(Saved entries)

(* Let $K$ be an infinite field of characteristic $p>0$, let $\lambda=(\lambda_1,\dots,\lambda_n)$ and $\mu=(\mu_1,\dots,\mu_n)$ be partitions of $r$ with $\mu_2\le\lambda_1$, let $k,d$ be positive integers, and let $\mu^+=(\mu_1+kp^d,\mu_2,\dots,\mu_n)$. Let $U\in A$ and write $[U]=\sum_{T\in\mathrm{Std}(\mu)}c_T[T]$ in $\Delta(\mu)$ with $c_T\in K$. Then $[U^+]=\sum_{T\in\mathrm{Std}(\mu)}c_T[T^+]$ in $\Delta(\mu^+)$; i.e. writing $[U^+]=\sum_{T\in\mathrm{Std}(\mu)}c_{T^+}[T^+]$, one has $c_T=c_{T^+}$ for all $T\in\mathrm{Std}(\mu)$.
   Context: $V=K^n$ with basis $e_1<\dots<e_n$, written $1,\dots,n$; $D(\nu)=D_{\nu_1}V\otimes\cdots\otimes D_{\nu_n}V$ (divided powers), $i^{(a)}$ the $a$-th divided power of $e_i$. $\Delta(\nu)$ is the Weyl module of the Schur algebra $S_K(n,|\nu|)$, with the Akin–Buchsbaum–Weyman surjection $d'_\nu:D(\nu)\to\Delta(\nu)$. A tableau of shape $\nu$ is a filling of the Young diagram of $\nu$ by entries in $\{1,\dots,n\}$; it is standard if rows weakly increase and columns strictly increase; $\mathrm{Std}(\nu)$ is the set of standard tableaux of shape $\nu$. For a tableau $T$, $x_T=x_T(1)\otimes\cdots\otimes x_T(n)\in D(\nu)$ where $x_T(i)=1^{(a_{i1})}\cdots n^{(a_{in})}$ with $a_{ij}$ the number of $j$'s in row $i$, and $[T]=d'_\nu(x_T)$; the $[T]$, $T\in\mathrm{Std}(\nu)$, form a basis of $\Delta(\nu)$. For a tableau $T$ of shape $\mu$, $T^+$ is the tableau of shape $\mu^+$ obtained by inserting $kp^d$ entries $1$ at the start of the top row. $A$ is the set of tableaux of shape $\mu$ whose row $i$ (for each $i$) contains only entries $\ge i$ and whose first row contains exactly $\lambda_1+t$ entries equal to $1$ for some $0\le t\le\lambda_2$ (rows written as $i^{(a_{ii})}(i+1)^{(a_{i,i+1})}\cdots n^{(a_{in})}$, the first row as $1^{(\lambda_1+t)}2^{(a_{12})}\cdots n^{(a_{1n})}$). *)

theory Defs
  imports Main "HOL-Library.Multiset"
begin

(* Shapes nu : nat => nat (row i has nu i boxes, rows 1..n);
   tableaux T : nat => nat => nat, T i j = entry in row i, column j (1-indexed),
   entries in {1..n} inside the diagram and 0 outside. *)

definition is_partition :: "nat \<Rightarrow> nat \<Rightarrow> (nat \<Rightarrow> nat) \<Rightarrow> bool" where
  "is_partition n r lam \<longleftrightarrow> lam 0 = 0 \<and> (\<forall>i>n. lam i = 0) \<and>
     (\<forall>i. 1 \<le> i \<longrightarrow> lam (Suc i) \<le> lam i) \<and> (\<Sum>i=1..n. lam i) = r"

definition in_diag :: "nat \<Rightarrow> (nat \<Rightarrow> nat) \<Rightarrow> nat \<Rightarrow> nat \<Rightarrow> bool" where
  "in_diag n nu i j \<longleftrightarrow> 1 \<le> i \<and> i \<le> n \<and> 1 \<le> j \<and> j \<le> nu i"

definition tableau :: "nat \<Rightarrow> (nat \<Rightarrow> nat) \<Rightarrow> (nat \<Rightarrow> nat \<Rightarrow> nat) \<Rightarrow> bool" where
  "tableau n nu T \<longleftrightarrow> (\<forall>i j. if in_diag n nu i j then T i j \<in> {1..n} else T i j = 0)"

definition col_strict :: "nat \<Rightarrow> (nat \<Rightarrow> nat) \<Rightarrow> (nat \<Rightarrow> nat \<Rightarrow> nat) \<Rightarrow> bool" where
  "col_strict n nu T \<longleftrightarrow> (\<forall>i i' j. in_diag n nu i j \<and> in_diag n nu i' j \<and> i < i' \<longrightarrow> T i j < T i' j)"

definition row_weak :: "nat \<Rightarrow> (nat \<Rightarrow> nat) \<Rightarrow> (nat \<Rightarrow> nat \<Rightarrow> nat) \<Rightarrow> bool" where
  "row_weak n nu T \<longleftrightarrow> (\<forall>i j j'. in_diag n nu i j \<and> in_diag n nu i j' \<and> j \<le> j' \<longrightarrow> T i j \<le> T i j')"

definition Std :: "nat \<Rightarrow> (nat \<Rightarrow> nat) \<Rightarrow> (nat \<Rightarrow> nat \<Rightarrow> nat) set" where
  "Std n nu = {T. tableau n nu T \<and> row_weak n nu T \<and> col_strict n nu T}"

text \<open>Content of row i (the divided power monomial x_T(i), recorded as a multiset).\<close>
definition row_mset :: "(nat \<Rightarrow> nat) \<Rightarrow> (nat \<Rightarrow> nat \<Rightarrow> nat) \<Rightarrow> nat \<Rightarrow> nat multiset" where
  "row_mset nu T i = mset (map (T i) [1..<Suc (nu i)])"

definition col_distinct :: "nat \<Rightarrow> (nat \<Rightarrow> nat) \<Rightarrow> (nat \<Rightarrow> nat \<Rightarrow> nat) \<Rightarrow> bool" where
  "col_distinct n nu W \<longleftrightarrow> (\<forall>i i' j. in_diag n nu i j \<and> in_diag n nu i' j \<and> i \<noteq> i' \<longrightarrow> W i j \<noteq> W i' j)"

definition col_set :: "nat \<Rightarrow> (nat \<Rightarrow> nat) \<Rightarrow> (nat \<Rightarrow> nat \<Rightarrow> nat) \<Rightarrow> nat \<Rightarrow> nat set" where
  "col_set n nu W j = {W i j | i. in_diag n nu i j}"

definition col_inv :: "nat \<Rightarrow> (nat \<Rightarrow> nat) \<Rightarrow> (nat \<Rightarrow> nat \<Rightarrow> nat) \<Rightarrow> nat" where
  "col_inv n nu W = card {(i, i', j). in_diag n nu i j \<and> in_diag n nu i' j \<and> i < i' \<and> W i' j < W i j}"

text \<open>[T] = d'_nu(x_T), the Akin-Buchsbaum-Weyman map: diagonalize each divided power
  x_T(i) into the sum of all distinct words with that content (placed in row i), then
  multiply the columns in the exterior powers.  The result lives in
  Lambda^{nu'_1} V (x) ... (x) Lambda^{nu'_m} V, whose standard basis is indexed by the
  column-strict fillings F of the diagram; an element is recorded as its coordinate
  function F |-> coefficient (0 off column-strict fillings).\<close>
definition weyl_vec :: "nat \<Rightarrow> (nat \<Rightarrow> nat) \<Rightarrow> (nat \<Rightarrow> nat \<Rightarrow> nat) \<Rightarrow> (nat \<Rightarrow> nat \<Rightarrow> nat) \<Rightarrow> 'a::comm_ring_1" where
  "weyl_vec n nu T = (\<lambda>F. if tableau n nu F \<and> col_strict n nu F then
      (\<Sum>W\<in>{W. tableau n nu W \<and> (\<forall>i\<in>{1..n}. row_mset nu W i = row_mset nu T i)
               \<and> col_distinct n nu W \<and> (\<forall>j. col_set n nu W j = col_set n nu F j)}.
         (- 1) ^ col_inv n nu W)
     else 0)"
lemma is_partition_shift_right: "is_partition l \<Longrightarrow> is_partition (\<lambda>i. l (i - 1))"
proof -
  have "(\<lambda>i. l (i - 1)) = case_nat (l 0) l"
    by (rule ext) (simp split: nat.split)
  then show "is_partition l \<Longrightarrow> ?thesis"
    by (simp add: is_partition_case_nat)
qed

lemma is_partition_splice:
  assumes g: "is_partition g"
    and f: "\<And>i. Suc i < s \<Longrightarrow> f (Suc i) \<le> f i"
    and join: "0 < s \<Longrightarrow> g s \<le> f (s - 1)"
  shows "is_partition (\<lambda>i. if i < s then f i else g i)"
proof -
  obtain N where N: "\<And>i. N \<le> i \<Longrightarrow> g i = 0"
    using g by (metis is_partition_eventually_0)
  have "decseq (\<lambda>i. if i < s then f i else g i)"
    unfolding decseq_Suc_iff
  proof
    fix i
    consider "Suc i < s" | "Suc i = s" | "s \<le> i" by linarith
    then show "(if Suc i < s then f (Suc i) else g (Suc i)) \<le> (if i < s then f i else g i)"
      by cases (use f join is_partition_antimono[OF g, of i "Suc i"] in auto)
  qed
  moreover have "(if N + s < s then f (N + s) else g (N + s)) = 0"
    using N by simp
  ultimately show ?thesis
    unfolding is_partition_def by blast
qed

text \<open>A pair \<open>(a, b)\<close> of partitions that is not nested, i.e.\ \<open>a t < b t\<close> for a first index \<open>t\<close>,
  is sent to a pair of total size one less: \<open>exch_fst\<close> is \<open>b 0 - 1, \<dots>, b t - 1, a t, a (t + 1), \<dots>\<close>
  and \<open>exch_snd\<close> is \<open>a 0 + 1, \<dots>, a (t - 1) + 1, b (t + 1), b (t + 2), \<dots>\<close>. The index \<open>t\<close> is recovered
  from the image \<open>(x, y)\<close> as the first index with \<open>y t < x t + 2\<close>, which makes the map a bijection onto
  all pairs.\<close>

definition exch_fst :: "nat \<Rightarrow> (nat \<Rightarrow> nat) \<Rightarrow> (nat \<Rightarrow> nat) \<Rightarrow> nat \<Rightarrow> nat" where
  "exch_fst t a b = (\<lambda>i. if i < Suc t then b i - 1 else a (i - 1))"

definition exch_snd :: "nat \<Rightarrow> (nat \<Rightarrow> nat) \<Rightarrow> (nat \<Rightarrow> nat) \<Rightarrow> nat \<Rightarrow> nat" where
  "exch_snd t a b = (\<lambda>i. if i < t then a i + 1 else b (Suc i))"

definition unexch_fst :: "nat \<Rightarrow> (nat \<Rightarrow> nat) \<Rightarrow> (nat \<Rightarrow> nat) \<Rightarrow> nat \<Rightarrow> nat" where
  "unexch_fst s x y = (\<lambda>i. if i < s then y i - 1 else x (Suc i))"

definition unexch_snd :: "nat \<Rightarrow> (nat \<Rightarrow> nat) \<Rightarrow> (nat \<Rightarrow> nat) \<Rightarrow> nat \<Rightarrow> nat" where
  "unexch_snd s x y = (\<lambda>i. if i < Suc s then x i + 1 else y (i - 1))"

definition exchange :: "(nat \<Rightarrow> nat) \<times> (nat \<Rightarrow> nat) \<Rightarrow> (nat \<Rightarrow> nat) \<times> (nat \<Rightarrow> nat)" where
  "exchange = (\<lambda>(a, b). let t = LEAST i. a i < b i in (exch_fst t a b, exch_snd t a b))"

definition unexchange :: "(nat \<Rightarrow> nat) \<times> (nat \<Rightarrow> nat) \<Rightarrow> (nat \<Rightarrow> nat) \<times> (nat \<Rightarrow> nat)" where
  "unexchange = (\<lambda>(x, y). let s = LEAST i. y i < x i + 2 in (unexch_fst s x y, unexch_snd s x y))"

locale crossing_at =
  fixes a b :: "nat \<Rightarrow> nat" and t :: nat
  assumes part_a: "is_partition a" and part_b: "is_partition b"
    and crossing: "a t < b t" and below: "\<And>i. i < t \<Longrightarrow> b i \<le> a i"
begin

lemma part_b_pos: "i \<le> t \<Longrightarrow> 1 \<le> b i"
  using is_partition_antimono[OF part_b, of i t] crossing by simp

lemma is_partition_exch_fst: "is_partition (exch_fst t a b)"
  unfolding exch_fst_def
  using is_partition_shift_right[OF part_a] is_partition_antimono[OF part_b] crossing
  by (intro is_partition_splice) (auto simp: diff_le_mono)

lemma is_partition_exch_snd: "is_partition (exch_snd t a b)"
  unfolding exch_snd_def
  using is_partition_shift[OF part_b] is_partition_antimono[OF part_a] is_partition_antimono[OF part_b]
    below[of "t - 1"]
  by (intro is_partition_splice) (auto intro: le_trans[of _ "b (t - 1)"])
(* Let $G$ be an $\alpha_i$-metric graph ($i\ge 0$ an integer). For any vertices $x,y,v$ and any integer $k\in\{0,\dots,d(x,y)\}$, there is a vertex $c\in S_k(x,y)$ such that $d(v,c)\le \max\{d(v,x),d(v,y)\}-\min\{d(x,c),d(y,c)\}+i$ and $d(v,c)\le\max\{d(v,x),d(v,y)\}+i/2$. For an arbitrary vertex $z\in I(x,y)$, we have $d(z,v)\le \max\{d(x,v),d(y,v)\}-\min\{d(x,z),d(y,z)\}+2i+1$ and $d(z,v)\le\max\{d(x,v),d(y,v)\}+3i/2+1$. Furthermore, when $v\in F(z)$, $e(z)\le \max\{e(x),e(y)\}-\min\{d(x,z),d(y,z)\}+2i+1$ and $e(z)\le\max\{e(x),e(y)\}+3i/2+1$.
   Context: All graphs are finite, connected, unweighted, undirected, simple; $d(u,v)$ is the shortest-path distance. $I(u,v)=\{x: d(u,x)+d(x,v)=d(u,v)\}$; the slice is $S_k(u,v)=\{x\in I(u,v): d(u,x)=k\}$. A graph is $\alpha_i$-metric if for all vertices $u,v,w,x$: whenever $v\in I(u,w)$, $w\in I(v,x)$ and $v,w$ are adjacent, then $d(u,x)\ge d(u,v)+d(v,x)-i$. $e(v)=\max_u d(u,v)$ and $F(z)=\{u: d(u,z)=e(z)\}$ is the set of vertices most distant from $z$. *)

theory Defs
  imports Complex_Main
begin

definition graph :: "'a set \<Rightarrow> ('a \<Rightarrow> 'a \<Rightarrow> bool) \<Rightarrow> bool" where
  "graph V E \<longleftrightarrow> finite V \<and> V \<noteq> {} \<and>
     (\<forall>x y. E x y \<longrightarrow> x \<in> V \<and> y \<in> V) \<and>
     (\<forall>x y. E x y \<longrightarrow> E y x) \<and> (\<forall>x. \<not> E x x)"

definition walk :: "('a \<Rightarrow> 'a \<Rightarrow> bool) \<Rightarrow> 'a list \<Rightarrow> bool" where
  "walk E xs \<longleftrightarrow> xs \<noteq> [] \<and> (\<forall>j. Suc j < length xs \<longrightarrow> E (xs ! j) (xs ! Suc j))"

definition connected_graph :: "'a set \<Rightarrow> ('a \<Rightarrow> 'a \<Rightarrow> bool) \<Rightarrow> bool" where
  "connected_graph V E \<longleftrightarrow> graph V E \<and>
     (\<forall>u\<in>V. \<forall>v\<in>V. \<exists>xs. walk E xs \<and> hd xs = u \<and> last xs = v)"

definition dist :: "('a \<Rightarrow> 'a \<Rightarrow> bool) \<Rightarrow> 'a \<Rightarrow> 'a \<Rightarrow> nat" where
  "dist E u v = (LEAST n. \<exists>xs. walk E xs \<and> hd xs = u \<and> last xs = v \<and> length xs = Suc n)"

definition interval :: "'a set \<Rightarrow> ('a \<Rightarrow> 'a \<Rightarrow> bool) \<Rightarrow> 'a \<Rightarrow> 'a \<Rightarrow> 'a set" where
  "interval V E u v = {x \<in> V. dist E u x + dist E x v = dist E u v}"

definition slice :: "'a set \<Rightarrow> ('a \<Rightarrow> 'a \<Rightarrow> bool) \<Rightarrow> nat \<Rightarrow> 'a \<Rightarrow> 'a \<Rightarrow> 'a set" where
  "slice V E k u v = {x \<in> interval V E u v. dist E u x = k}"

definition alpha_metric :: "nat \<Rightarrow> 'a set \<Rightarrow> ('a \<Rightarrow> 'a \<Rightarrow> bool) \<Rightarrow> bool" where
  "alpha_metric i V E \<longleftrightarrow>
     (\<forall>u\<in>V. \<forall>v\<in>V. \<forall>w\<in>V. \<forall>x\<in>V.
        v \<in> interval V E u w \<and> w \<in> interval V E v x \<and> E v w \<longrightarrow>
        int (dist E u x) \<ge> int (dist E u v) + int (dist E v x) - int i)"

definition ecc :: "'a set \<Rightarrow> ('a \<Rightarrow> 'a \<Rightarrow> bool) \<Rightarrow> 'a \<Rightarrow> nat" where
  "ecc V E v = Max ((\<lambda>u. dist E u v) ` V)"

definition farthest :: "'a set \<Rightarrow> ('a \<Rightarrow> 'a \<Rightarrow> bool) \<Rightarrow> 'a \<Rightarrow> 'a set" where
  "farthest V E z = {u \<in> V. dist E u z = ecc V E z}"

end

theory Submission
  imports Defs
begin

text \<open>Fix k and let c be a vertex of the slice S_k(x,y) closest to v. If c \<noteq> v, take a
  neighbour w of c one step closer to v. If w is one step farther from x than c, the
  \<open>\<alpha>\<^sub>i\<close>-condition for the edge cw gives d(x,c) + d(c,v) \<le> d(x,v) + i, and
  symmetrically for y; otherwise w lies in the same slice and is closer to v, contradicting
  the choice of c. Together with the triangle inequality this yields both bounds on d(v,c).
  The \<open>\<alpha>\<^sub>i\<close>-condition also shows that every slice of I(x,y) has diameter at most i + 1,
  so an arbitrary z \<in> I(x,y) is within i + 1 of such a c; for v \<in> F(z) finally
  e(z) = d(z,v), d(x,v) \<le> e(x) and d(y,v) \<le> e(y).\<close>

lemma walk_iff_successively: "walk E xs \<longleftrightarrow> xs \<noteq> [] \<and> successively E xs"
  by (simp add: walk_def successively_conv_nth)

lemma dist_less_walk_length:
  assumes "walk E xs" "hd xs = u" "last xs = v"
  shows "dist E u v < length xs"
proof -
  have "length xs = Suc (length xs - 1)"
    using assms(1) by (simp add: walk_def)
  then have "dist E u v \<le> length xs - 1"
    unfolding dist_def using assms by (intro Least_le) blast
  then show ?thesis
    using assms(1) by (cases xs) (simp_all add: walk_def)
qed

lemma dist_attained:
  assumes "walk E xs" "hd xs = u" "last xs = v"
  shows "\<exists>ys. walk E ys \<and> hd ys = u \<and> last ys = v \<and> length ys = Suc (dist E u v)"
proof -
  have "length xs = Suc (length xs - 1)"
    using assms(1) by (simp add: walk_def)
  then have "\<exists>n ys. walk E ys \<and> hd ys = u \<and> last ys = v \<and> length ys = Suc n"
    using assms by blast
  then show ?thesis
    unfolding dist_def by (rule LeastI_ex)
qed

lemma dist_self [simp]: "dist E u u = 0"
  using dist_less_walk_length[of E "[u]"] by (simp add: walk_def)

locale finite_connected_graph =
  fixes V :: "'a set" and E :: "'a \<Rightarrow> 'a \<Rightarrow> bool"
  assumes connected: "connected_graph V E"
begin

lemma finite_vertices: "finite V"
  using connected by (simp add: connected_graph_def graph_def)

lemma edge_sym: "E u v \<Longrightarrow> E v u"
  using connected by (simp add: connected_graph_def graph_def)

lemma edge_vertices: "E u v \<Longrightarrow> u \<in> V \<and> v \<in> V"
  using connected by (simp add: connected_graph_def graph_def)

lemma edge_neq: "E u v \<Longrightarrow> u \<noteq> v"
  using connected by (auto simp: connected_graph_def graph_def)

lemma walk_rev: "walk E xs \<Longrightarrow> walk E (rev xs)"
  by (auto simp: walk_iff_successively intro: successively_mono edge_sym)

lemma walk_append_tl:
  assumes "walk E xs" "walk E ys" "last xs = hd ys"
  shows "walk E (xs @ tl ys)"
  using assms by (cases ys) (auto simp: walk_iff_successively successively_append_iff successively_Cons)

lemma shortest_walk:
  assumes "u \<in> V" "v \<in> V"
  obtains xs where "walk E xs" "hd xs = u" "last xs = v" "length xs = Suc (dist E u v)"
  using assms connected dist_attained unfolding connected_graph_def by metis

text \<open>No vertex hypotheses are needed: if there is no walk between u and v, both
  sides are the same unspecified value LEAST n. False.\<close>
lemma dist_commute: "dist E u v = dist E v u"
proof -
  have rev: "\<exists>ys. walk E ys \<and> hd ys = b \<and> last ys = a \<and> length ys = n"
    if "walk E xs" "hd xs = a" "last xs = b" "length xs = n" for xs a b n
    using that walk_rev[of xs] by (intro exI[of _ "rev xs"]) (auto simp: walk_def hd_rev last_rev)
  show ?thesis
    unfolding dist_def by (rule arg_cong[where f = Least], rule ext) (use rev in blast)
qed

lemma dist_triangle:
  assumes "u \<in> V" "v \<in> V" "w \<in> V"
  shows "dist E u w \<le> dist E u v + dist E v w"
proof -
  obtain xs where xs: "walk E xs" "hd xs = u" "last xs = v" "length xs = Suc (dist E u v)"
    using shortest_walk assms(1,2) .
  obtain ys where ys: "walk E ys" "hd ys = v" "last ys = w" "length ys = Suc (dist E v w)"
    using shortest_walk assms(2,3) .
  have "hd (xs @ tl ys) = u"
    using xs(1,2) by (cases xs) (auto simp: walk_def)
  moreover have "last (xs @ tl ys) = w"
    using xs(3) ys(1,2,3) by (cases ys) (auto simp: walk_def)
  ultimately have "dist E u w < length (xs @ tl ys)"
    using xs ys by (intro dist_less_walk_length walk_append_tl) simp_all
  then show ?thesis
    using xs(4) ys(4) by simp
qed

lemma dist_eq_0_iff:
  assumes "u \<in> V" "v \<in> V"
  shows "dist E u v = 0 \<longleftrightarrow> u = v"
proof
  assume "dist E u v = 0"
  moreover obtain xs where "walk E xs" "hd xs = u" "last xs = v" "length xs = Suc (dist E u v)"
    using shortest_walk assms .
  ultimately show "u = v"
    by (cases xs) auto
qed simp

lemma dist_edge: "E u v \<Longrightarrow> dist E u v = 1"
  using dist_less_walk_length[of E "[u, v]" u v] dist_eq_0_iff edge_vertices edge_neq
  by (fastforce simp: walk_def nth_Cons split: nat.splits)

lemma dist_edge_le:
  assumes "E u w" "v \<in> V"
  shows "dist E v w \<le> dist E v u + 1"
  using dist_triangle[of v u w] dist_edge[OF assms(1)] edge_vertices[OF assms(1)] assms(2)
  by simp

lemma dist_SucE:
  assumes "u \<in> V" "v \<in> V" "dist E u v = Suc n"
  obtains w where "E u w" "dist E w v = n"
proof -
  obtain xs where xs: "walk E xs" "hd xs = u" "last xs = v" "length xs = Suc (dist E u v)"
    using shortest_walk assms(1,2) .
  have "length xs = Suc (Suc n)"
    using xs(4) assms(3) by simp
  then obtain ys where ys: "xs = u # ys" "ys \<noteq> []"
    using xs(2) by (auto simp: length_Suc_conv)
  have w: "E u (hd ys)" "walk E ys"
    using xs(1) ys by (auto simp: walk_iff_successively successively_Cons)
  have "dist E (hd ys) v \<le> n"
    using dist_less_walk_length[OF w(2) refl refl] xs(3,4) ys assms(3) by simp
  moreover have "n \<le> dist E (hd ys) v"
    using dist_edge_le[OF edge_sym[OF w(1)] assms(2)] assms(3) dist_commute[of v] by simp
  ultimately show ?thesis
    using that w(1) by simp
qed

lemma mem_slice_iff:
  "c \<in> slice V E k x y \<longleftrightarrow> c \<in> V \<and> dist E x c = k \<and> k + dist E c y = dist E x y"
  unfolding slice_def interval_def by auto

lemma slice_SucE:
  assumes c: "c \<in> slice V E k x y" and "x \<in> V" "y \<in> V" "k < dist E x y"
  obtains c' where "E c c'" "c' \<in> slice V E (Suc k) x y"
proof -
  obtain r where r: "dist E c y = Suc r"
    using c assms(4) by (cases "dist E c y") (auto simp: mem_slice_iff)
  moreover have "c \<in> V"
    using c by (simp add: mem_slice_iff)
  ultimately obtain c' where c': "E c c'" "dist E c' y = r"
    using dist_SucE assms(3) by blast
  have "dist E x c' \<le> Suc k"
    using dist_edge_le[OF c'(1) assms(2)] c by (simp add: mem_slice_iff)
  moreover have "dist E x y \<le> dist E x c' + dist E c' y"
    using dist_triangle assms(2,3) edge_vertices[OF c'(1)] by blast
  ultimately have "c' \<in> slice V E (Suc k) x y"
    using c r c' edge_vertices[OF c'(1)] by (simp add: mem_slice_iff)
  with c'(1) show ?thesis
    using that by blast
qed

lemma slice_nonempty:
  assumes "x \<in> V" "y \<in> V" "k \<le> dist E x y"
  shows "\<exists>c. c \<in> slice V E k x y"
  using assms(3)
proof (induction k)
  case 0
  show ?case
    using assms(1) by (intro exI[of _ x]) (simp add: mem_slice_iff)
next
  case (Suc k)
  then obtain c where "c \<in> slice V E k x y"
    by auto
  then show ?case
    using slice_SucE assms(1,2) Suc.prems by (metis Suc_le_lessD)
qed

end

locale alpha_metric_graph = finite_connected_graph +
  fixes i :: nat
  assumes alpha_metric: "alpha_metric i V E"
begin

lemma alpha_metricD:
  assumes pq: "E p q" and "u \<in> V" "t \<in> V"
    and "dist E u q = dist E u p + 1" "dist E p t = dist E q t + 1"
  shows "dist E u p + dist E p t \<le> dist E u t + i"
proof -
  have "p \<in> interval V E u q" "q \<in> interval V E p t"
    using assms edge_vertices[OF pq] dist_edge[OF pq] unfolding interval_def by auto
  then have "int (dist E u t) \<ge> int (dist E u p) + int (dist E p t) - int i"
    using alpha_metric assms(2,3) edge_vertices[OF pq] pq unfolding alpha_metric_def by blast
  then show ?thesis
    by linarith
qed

### Work task
Above are some records. Report the number of their lines that include "linarith", and add nothing else.

### Your solution
2